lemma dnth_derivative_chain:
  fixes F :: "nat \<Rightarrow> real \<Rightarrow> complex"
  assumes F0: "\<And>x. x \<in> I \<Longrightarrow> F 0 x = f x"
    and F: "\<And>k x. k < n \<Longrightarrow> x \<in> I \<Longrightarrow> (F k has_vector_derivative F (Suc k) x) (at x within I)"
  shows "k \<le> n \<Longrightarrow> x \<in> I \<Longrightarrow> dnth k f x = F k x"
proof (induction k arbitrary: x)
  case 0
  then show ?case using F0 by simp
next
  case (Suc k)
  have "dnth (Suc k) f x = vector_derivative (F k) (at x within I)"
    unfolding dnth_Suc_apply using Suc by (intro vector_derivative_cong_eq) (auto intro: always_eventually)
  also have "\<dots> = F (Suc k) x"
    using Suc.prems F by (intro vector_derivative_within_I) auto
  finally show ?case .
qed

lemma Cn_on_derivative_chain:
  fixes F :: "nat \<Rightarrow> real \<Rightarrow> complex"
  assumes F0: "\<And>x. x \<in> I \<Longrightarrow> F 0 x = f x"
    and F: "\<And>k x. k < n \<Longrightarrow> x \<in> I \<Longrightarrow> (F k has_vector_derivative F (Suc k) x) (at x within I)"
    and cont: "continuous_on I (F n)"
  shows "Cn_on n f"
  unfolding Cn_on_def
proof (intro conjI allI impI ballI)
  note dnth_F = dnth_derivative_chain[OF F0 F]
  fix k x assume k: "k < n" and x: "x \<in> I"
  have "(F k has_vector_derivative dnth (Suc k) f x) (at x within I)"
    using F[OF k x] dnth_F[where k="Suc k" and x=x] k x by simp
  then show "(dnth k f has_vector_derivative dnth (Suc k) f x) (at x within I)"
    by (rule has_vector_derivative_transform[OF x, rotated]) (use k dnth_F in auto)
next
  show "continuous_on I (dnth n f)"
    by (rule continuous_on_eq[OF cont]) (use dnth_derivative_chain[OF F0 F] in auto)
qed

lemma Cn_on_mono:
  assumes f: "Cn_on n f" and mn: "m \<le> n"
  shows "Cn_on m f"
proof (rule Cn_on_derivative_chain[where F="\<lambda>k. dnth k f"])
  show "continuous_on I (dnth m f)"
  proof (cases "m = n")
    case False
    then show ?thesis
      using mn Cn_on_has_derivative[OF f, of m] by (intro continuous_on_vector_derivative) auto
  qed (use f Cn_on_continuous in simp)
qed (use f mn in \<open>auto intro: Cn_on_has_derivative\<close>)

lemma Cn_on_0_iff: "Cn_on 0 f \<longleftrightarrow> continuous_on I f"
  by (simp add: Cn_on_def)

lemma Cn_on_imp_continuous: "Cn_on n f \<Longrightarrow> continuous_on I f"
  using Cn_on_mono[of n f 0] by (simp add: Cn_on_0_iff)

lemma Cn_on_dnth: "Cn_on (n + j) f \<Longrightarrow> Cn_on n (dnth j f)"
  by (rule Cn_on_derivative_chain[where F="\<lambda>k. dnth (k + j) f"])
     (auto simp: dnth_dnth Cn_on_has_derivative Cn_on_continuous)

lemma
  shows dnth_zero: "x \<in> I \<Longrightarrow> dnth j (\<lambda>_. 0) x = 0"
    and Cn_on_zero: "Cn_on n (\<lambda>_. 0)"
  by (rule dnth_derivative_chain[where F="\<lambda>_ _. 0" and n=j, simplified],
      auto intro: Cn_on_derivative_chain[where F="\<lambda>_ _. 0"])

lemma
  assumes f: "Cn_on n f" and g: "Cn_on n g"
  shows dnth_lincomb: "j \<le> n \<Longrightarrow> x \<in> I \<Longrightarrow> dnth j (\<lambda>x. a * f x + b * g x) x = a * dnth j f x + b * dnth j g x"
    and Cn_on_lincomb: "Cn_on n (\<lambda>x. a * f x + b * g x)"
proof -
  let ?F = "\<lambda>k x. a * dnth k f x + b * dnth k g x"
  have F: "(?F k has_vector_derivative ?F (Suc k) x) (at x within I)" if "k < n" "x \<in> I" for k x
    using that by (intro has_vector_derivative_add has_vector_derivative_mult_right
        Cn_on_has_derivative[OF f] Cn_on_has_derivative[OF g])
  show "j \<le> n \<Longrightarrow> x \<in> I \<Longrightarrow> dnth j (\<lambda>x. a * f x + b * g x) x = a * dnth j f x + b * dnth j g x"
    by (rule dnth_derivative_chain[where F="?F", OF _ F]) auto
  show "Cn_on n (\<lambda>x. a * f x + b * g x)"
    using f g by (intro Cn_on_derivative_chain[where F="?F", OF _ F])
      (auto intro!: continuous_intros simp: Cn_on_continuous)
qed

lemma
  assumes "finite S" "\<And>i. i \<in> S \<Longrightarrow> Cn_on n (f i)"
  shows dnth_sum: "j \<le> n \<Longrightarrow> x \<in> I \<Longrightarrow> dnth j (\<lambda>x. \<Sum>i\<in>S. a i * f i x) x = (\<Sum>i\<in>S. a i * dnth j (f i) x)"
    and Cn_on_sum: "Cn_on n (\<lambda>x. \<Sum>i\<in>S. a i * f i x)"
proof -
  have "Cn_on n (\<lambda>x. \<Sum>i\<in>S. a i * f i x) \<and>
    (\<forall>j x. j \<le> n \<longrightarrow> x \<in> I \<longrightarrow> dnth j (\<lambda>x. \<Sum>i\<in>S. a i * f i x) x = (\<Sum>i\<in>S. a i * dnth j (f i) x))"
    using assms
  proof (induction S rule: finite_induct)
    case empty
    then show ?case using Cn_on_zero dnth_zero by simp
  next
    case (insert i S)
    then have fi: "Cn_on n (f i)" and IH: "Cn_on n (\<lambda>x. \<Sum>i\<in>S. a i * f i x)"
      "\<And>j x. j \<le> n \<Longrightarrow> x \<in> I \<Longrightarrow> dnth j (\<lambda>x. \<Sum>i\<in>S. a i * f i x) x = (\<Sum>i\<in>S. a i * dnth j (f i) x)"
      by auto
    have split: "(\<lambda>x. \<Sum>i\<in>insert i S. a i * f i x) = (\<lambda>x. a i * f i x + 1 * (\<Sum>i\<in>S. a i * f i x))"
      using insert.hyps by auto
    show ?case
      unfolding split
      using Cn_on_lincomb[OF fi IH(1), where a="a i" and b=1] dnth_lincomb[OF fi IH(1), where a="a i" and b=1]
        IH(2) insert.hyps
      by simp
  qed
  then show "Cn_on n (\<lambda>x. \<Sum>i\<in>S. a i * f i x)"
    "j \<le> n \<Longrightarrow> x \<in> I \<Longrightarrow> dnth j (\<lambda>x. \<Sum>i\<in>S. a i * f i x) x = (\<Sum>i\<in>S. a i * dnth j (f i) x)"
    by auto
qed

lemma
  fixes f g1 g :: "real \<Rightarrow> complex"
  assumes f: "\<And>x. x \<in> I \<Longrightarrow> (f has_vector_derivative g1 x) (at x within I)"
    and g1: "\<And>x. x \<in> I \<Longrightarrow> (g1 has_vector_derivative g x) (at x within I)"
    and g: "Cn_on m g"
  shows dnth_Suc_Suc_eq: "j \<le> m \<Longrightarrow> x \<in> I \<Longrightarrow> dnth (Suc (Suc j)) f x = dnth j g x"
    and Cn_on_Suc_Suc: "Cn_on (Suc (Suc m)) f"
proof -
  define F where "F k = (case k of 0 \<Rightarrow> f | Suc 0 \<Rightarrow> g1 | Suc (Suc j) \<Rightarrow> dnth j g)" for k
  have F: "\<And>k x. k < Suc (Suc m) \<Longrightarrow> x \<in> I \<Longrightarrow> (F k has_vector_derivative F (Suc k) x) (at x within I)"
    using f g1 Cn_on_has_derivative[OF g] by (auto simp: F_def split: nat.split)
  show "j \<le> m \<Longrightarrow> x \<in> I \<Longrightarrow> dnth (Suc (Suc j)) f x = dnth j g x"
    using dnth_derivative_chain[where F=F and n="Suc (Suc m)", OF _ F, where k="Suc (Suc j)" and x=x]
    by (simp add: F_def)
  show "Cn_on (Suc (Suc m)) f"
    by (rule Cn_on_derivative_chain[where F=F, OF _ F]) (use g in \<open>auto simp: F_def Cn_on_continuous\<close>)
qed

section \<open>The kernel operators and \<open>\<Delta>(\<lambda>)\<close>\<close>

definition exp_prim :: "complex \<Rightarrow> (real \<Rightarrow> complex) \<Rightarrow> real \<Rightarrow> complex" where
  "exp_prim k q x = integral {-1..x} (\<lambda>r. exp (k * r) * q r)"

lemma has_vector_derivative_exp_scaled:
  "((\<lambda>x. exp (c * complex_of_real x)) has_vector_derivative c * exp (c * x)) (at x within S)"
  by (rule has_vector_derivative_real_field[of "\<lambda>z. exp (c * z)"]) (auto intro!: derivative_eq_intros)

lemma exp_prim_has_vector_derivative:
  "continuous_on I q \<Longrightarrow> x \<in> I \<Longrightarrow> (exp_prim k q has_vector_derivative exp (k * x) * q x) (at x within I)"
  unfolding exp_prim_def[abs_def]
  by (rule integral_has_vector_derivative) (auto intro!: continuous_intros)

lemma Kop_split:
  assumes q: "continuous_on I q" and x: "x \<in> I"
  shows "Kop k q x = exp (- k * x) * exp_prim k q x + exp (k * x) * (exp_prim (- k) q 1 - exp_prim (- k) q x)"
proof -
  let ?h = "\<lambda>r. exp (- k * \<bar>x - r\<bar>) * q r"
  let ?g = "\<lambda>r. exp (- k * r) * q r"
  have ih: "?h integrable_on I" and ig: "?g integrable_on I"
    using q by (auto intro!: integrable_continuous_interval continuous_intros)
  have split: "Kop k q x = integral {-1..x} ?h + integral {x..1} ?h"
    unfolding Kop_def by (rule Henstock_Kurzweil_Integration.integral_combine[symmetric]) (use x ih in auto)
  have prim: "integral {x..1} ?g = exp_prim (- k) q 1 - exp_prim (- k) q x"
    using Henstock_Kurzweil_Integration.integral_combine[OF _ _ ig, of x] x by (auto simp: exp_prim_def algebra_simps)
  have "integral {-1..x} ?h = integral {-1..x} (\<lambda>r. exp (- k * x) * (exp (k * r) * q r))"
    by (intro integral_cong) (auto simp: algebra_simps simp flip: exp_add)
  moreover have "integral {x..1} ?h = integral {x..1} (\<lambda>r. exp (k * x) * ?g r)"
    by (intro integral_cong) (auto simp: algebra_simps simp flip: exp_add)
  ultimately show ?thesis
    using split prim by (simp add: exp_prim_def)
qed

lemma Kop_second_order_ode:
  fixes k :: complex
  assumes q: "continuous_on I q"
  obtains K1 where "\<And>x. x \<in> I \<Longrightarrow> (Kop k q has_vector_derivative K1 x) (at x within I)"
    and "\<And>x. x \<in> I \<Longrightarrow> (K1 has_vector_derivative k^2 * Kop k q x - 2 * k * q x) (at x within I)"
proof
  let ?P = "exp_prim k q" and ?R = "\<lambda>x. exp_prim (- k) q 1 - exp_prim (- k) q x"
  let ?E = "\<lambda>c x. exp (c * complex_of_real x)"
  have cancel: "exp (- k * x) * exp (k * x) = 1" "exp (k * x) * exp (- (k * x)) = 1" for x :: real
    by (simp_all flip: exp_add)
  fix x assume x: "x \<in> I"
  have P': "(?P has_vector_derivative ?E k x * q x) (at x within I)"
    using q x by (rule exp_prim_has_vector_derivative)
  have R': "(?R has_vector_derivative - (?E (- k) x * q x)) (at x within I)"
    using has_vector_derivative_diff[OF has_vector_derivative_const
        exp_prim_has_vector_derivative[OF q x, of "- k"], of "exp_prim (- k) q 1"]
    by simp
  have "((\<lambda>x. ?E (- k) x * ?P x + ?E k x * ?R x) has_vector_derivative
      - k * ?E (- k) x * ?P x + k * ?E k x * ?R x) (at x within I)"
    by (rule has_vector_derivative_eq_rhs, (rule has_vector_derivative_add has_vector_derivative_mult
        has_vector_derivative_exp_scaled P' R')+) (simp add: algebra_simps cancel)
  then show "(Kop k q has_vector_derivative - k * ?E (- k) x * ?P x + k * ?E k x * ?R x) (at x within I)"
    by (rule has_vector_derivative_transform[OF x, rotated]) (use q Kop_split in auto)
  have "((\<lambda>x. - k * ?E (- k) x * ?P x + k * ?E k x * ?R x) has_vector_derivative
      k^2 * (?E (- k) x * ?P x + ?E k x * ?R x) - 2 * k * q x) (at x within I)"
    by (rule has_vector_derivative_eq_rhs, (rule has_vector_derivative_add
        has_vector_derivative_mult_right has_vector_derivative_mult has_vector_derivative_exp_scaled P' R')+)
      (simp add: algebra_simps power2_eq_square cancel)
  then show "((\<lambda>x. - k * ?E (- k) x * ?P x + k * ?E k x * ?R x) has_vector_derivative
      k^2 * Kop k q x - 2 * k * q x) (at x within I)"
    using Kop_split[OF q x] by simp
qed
# # #
Only the lines above from the one with "auto intro: Cn_on_derivative_chain[where" through the one with "x. a * dnth" should be duplicated, character for character.

      auto intro: Cn_on_derivative_chain[where F="\<lambda>_ _. 0"])

lemma
  assumes f: "Cn_on n f" and g: "Cn_on n g"
  shows dnth_lincomb: "j \<le> n \<Longrightarrow> x \<in> I \<Longrightarrow> dnth j (\<lambda>x. a * f x + b * g x) x = a * dnth j f x + b * dnth j g x"
    and Cn_on_lincomb: "Cn_on n (\<lambda>x. a * f x + b * g x)"
proof -
  let ?F = "\<lambda>k x. a * dnth k f x + b * dnth k g x"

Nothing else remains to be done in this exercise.